The core functionality utilizes a Genetic Algorithm (GA) to search the feature space for optimal numerator and denominator combinations based on biomarker performance metrics calculated using linear mixed-effects models (Group Separation, Sample Size Estimates).
Notes:
- Intended for R version 4.5.1 and above.
- Although the underlying methodology is domain‑agnostic, the current implementation is tailored to Alzheimer’s disease (AD) research, reflecting the datasets and use cases that motivated the package. Several preprocessing steps, expected column names, and default region conventions are AD‑specific. Users applying biodiscvr to other domains may need to adjust variable names or modify preprocessing functions.
For a guide on how to adapt this framework to non-AD datasets, see the Contributing ("Adapting to Other Research Domains") section below.
## Installation
You can install the development version of `biodiscvr` from [GitHub](https://github.com/isaac-6/biodiscvr), with or without vignettes, with:
```r
if (!require("remotes")) install.packages("remotes")
remotes::install_github("isaac-6/biodiscvr", ref = "paper", dependencies = TRUE, build_vignettes = TRUE)
```
**Note:** You may need Rtools (Windows) or Xcode Command Line Tools (macOS) installed. The installation will also attempt to install required packages listed under `Imports` (like `yaml`, `readr`, `dplyr`, `lme4`, `longpower`, `GA`, `rlang`).
## Getting Started: Workflow Tutorial
The best way to learn how to use the package is through the included vignette, which walks through the entire workflow step-by-step using your own data alongside the package's default configuration files.
After installing the package with build_vignettes = TRUE, you can access the vignette with:
```{r view-vignette, eval=FALSE}
# Load the package first if needed
# library(biodiscvr)
# Main workflow vignette
vignette("biodiscvr", package = "biodiscvr")
# Synthetic data example
vignette("biodiscvr_synth", package = "biodiscvr")
```
The vignette covers:
* Setting up your data directories and output paths.
* Loading data with `load_datasets()`.
* Preprocessing data with `preprocess_data()`.
* Generating demographic tables with `create_demographics_table()`.
* Running discovery experiments with `run_experiments()`.

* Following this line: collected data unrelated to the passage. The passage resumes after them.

lemma large_replicate_blocks:
  assumes "large (replicate M k) S"
  shows "\<exists>Ds. length Ds = M \<and> (\<forall>D\<in>set Ds. D \<subseteq> S \<and> large [k] D) \<and> sorted_wrt set_less Ds"
  using assms
proof (induction M arbitrary: S)
  case (Suc M)
  then have "large (replicate M k @ [k]) S"
    by (simp add: replicate_append_same)
  then obtain S\<^sub>1 S\<^sub>2 where S: "S = S\<^sub>1 \<union> S\<^sub>2" "set_less S\<^sub>1 S\<^sub>2" "large [k] S\<^sub>1"
      "large (replicate M k) S\<^sub>2"
    by (auto simp: large_append_iff)
  from Suc.IH[OF S(4)] obtain Ds where Ds:
    "length Ds = M" "\<forall>D\<in>set Ds. D \<subseteq> S\<^sub>2 \<and> large [k] D" "sorted_wrt set_less Ds"
    by blast
  moreover have "\<forall>D\<in>set Ds. set_less S\<^sub>1 D"
    using S(2) Ds by (auto simp: set_less_def)
  ultimately show ?case
    using S by (intro exI[of _ "S\<^sub>1 # Ds"]) auto
qed simp
lemma sum_kneser_vertices_intersections:
  assumes x: "x \<in> kneser_vertices n k" and y: "y \<in> kneser_vertices n k"
  shows "(\<Sum>z\<in>kneser_vertices n k. h (card (x \<inter> z)) (card (y \<inter> z))) =
    kneser_kernel n k h (card (x \<inter> y))"
proof -
  define i where "i = card (x \<inter> y)"
  define U where "U = {1..n}"
  define H where "H p1 p2 p3 p4 = (if p1 + p2 + p3 + p4 = k then h (p1 + p2) (p1 + p3) else 0)"
    for p1 p2 p3 p4
  have xU: "x \<subseteq> U" and yU: "y \<subseteq> U" and cx: "card x = k" and cy: "card y = k"
    using x y unfolding kneser_vertices_def U_def by auto
  have fx: "finite x" and fy: "finite y" and fU: "finite U"
    using x y finite_kneser_vertex unfolding U_def by auto
  have "card (x \<union> y) = 2 * k - i"
    using card_Un_Int[OF fx fy] cx cy unfolding i_def by simp
  then have cards: "card (x \<inter> y) = i" "card (x - y) = k - i" "card (y - x) = k - i"
      "card (U - (x \<union> y)) = n - (2 * k - i)"
    using cx cy fx fy xU yU card_Diff_subset[of "x \<union> y" U] unfolding i_def U_def
    by (auto simp: card_Diff_subset_Int Int_commute)
  have "(\<Sum>z\<in>kneser_vertices n k. h (card (x \<inter> z)) (card (y \<inter> z))) =
      (\<Sum>z\<in>Pow U. if card z = k then h (card (x \<inter> z)) (card (y \<inter> z)) else 0)"
    unfolding kneser_vertices_def U_def using sum.inter_filter[of "Pow {1..n}"]
    by (simp add: Collect_conj_eq)
  also have "\<dots> = (\<Sum>a1\<in>Pow (x \<inter> y). \<Sum>a2\<in>Pow (x - y). \<Sum>a3\<in>Pow (y - x).
      \<Sum>a4\<in>Pow (U - (x \<union> y)). H (card a1) (card a2) (card a3) (card a4))"
    unfolding sum_Pow_Venn[OF xU yU] H_def
  proof (intro sum.cong refl)
    fix a1 a2 a3 a4
    assume "a1 \<in> Pow (x \<inter> y)" "a2 \<in> Pow (x - y)" "a3 \<in> Pow (y - x)" "a4 \<in> Pow (U - (x \<union> y))"
    then have "a1 \<subseteq> x \<inter> y" "a2 \<subseteq> x - y" "a3 \<subseteq> y - x" "a4 \<inter> (x \<union> y) = {}"
        "finite (a1 \<union> a2 \<union> a3 \<union> a4)"
      using fx fy fU by (auto intro: finite_subset)
    note parts = card_Venn_parts[OF this]
    show "(if card (a1 \<union> a2 \<union> a3 \<union> a4) = k
          then h (card (x \<inter> (a1 \<union> a2 \<union> a3 \<union> a4))) (card (y \<inter> (a1 \<union> a2 \<union> a3 \<union> a4))) else 0) =
        (if card a1 + card a2 + card a3 + card a4 = k
          then h (card a1 + card a2) (card a1 + card a3) else 0)"
      unfolding parts ..
  qed
  also have "\<dots> = kneser_kernel n k h i"
    unfolding kneser_kernel_def H_def[symmetric]
    using fx fy fU by (subst sum_Pow_card, simp)+ (simp only: cards)
  finally show ?thesis
    unfolding i_def .
qed

lemma psd_kneser_zonal:
  assumes "0 < c" and eigen: "\<And>i. i \<le> k \<Longrightarrow> kneser_kernel n k (\<lambda>r s. \<phi> r * \<phi> s) i = c * \<phi> i"
  shows "psd_kernel (kneser_vertices n k) (\<lambda>x y. \<phi> (card (x \<inter> y)))"
proof -
  have Gram: "psd_kernel (kneser_vertices n k)
      (\<lambda>x y. 1 / c * (\<Sum>z\<in>kneser_vertices n k. \<phi> (card (x \<inter> z)) * \<phi> (card (y \<inter> z))))"
    using assms by (intro psd_kernel_scale psd_kernel_Gram) simp
  have eq: "1 / c * (\<Sum>z\<in>kneser_vertices n k. \<phi> (card (x \<inter> z)) * \<phi> (card (y \<inter> z))) =
      \<phi> (card (x \<inter> y))" if "x \<in> kneser_vertices n k" "y \<in> kneser_vertices n k" for x y
    using sum_kneser_vertices_intersections[OF that, of "\<lambda>r s. \<phi> r * \<phi> s"]
      eigen[OF kneser_vertex_intersection(1)[OF that]] \<open>0 < c\<close>
    by simp
  show ?thesis
    using psd_kernel_transfer[OF Gram eq] .
qed

section \<open>The Kneser graph K(11,4)\<close>

abbreviation K_11_4 :: "nat set set" where
  "K_11_4 \<equiv> kneser_vertices 11 4"

(* Row j holds, at r = |x \<inter> y|, an integer multiple of the zonal spherical function of the
   Johnson scheme J(11,4) belonging to the adjacency eigenvalue -20, 10, -4, 1 of K(11,4) for
   j = 1, 2, 3, 4; the constants 924, 105, 420, 210 are the factors c of psd_kneser_zonal. *)
definition zonal_11_4 :: "nat \<Rightarrow> nat \<Rightarrow> real" where
  "zonal_11_4 j r = [[-16, -5, 6, 17, 28], [4, -1, -1, 4, 14], [-16, 11, -10, 5, 140],
    [3, -3, 5, -15, 105]] ! (j - 1) ! r"

lemma psd_zonal_11_4:
  assumes "j \<in> {1..4}"
  shows "psd_kernel K_11_4 (\<lambda>x y. zonal_11_4 j (card (x \<inter> y)))"
proof (rule psd_kneser_zonal)
  have "j \<in> {1, 2, 3, 4}"
    using assms by auto
  then show "0 < [924, 105, 420, 210 :: real] ! (j - 1)"
    by auto
  fix i :: nat assume "i \<le> 4"
  then have "j \<in> {1, 2, 3, 4}" "i \<in> {0, 1, 2, 3, 4}"
    using assms by auto
  then show "kneser_kernel 11 4 (\<lambda>r s. zonal_11_4 j r * zonal_11_4 j s) i =
      [924, 105, 420, 210] ! (j - 1) * zonal_11_4 j i"
    by (auto simp: kneser_kernel_def zonal_11_4_def numeral_eq_Suc)
qed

* Evaluating literature biomarkers with `evaluate_literature_biomarkers()`.
## Core Functions
The package provides several key functions for the workflow:
* `load_datasets()`: Loads data from structured directories.
* `preprocess_data()`: Validates data, prepares SUV columns based on dictionary matching/renaming. Filters data based on minimum entries and inclusion criteria.
* `create_demographics_table()`: Generates demographic summary tables.
* `run_experiments()`: Orchestrates single- and multi-cohort discovery runs based on an experiments configuration file.
* `evaluate_literature_biomarkers()`: Evaluates predefined biomarkers on the processed data.
* `run_ablation()`: Re-evaluates the output of evaluation (or results), iteratively removing regions to improve SSE.
Additional functions to perform single experiments
* `biodiscvr_single()`: Runs the CVR discovery process for a single dataset (typically called by `run_experiments`).
* `biodiscvr_multicohort()`: Runs the CVR discovery process optimized across multiple datasets (typically called by `run_experiments`).
Consult the help page for each function (e.g., `?run_experiments`) for detailed argument descriptions.
## References
This package builds upon the methodologies described in:
- Llorente-Saguer, I. et al. (2024). *A data-driven framework for biomarker discovery applied to optimizing modern clinical and preclinical trials on Alzheimer’s disease*. Brain Communications, Volume 6, Issue 6. [doi link](https://doi.org/10.1093/braincomms/fcae438)
## Citation
If you use `biodiscvr` in your research, please cite it. You can get the citation information by running: `citation("biodiscvr")` after installation.
## Contributing
Contributions to `biodiscvr` are welcome! Whether you are reporting a bug, suggesting a feature, or adapting the framework to a new clinical domain, your input is valuable.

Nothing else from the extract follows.